The literature suggests that three aspects of home-visiting programmes are critical to programme success (Azzi-Lessing 2013). The first aspect relates to family engagement, which refers to the quality of the relationship that the child and family have with the home visitor. Several studies show that the quality of engagement affects the families’ level of participation in home-visiting services and the effectiveness of these services (Roggman et al. 2008; Wagner et al. 2003). Home visitors should be skilled in building relationships with families that are based on values such as respect, self-determination and confidentiality. Moreover, they should have the capacity to identify strengths in even the most challenging family situation (Grobler, Schenk & Mbedzi 2013).

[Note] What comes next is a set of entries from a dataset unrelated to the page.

lemma sin_square_add_sin_square_diff:
  fixes s b :: real
  shows "sin s ^ 2 + sin (s - b) ^ 2 - sin b ^ 2 = 2 * cos b * sin s * sin (s - b)"
proof -
  have "sin b ^ 2 + cos b ^ 2 = 1" "sin s ^ 2 + cos s ^ 2 = 1" by simp_all
  then show ?thesis unfolding sin_diff cos_diff by algebra
qed

lemma sin_ratio_mult_sin_ratio_sub_one:
  fixes s x y :: real
  assumes "sin (s - x) \<noteq> 0" "sin (s - y) \<noteq> 0"
  shows "sin x / sin (s - x) * (sin y / sin (s - y)) - 1
           = - sin s * sin (s - x - y) / (sin (s - x) * sin (s - y))"
proof -
  have "sin x / sin (s - x) * (sin y / sin (s - y)) - 1
          = (sin x * sin y - sin (s - x) * sin (s - y)) / (sin (s - x) * sin (s - y))"
    using assms by (simp add: field_simps)
  also have "\<dots> = - sin s * sin (s - x - y) / (sin (s - x) * sin (s - y))"
    by (simp add: sin_mult_sin_eq_diff[of x y s])
  finally show ?thesis .
qed

lemma sin_half_ne_zero:
  fixes t :: real
  assumes "\<forall>k::int. t \<noteq> 2 * pi * of_int k"
  shows "sin (t / 2) \<noteq> 0"
proof
  assume "sin (t / 2) = 0"
  then obtain k :: int where "t / 2 = of_int k * pi"
    by (auto simp: sin_zero_iff_int2)
  then have "t = 2 * pi * of_int k" by simp
  with assms show False by blast
qed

The characteristics, training and support of home visitors form the second aspect critical to the effectiveness of a home-visiting programme. Certain personal characteristics of the home visitor such as age, language, race or experience seem to affect the ability of home visitors to engage with the family and could impact the success of their work (Harden et al. 2010). For instance, families may be more comfortable with a home visitor who shares their cultural background and is able to communicate easily in their primary language. Another important set of characteristics is the skills and expertise of the home visitor. Home visitors should be adequately trained, as families want and need a home visitor who is knowledgeable and able to support them with the challenges they face (Wagner et al. 2003). Moreover, ongoing support by experienced supervisors is essential for home visitors to work effectively with families. As discussed later in this article, adequate education, training and support are especially important when working with highly vulnerable families (Azzi-Lessing 2013, 2017).

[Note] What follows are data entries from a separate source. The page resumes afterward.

(* Let $\Lambda$ be a row-finite, source-free, strongly connected $k$-graph and let $x,y\in\Lambda^\infty$ be such that $\sigma^m(x)=\sigma^n(y)$ for some $m,n\in\mathbb N^k$. Then the representations $\pi_x$ on $\mathcal H_x$ and $\pi_y$ on $\mathcal H_y$ (described in the context) are unitarily equivalent.
   Context: $k$-graph: countable small category $\Lambda$ with degree functor $d:\Lambda\to\mathbb N^k$ with unique factorization; $r,s$ range/source, $\Lambda v=\{\lambda:s(\lambda)=v\}$; row-finite, source-free and strongly connected ($v\Lambda w\ne\emptyset$ for all vertices) as usual. Infinite paths $x:\Omega_k\to\Lambda$ (degree-preserving functors from the $k$-graph $\Omega_k$ of pairs $(p,q)$, $p\le q$ in $\mathbb N^k$), shift $\sigma^m(x)(p,q)=x(p+m,q+m)$. Construction: for $x\in\Lambda^\infty$ write $\mathbf 1=(1,\dots,1)$, $x_i=x((i-1)\mathbf 1,i\mathbf 1)$, $v_i=r(x_i)$, $F_i=\Lambda v_i$; $\mathcal H_x=\varinjlim(\ell^2(F_i),\rho_i)$ with $\rho_i(\xi^i_\lambda)=\xi^{i+1}_{\lambda x_i}$, i.e. for $i\le j$ the basis vectors $\xi^i_\lambda$ and $\xi^j_\mu$ are identified iff $\mu=\lambda x_i\cdots x_{j-1}$, with classes $[\xi^i_\lambda]$. $\pi_x$ is the representation of $C^*(\Lambda)$ on $\mathcal H_x$ given by $\pi_x(t_\lambda)[\xi^i_\mu]=[\xi^i_{\lambda\mu}]$ if $s(\lambda)=r(\mu)$ and $0$ otherwise, where $\{t_\lambda\}$ are the Cuntz–Krieger generators of $C^*(\Lambda)$. *)

theory Defs
  imports "HOL-Analysis.Analysis" "HOL-Library.Function_Algebras"
begin

text \<open>A small category with object set verts, morphism set arrs, source src,
 range rng, composition comp (comp l m is l m, defined when src l = rng m),
 identities idv, and a degree functor deg into N^k, where N^k is modelled as
 functions 'k => nat for a finite index type 'k (so k = CARD('k)).\<close>

record ('v, 'a, 'k) kgraph =
  verts :: "'v set"
  arrs  :: "'a set"
  src   :: "'a \<Rightarrow> 'v"
  rng   :: "'a \<Rightarrow> 'v"
  comp  :: "'a \<Rightarrow> 'a \<Rightarrow> 'a"
  idv   :: "'v \<Rightarrow> 'a"
  deg   :: "'a \<Rightarrow> 'k \<Rightarrow> nat"

definition is_kgraph :: "('v, 'a, 'k) kgraph \<Rightarrow> bool" where
  "is_kgraph G \<longleftrightarrow>
     countable (verts G) \<and> countable (arrs G) \<and>
     (\<forall>l\<in>arrs G. src G l \<in> verts G \<and> rng G l \<in> verts G) \<and>
     (\<forall>v\<in>verts G. idv G v \<in> arrs G \<and> src G (idv G v) = v \<and> rng G (idv G v) = v) \<and>
     (\<forall>l\<in>arrs G. \<forall>m\<in>arrs G. src G l = rng G m \<longrightarrow>
        comp G l m \<in> arrs G \<and> src G (comp G l m) = src G m \<and> rng G (comp G l m) = rng G l) \<and>
     (\<forall>l\<in>arrs G. comp G (idv G (rng G l)) l = l \<and> comp G l (idv G (src G l)) = l) \<and>
     (\<forall>l\<in>arrs G. \<forall>m\<in>arrs G. \<forall>n\<in>arrs G. src G l = rng G m \<longrightarrow> src G m = rng G n \<longrightarrow>
        comp G (comp G l m) n = comp G l (comp G m n)) \<and>
     (\<forall>v\<in>verts G. deg G (idv G v) = 0) \<and>
     (\<forall>l\<in>arrs G. \<forall>m\<in>arrs G. src G l = rng G m \<longrightarrow>
        deg G (comp G l m) = deg G l + deg G m) \<and>
     (\<forall>l\<in>arrs G. \<forall>p q. deg G l = p + q \<longrightarrow>
        (\<exists>!(m, n). m \<in> arrs G \<and> n \<in> arrs G \<and> src G m = rng G n \<and>
                   l = comp G m n \<and> deg G m = p \<and> deg G n = q))"

definition row_finite :: "('v, 'a, 'k) kgraph \<Rightarrow> bool" where
  "row_finite G \<longleftrightarrow>
     (\<forall>v\<in>verts G. \<forall>p. finite {l\<in>arrs G. rng G l = v \<and> deg G l = p})"

definition source_free :: "('v, 'a, 'k) kgraph \<Rightarrow> bool" where
  "source_free G \<longleftrightarrow>
     (\<forall>v\<in>verts G. \<forall>p. \<exists>l\<in>arrs G. rng G l = v \<and> deg G l = p)"

definition strongly_connected :: "('v, 'a, 'k) kgraph \<Rightarrow> bool" where
  "strongly_connected G \<longleftrightarrow>
     (\<forall>v\<in>verts G. \<forall>w\<in>verts G. \<exists>l\<in>arrs G. rng G l = v \<and> src G l = w)"

text \<open>An infinite path is a degree-preserving functor from Omega_k (morphisms
 (p,q) with p \<le> q, r(p,q)=p, s(p,q)=q, (p,q)(q,r)=(p,r)); we record its values
 x p q on the pairs p \<le> q (values off that set are irrelevant).\<close>

definition infpath :: "('v, 'a, 'k) kgraph \<Rightarrow> (('k \<Rightarrow> nat) \<Rightarrow> ('k \<Rightarrow> nat) \<Rightarrow> 'a) \<Rightarrow> bool" where
  "infpath G x \<longleftrightarrow>
     (\<forall>p q. p \<le> q \<longrightarrow> x p q \<in> arrs G \<and> deg G (x p q) = q - p) \<and>
     (\<forall>p. x p p = idv G (rng G (x p p))) \<and>
     (\<forall>p q r. p \<le> q \<longrightarrow> q \<le> r \<longrightarrow>
        src G (x p q) = rng G (x q r) \<and> x p r = comp G (x p q) (x q r))"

The third critical aspect of ECD home-visiting programmes is their capacity to effectively match the services they deliver to the unique set of wants and needs that each family presents. Families are more likely to engage well when services are responsive to their expectations and needs, and both responsiveness and engagement affect programme success. Home visitors must be skilled in eliciting from families their needs and expectations, as well as in negotiating and establishing goals with the family. Home-visiting programmes must have the capacity to respond to families’ identified needs, while at the same time ensuring that factors that threaten the well-being and optimal development of the children are reduced (Azzi-Lessing 2011). Having an adequate array of services, such as adult and child health and mental health services, to which families can be linked, available in the local community is essential to addressing the multiple needs many vulnerable families experience (Azzi-Lessing 2011, 2013, 2017; Schorr, Farrow & Sparrow 2014).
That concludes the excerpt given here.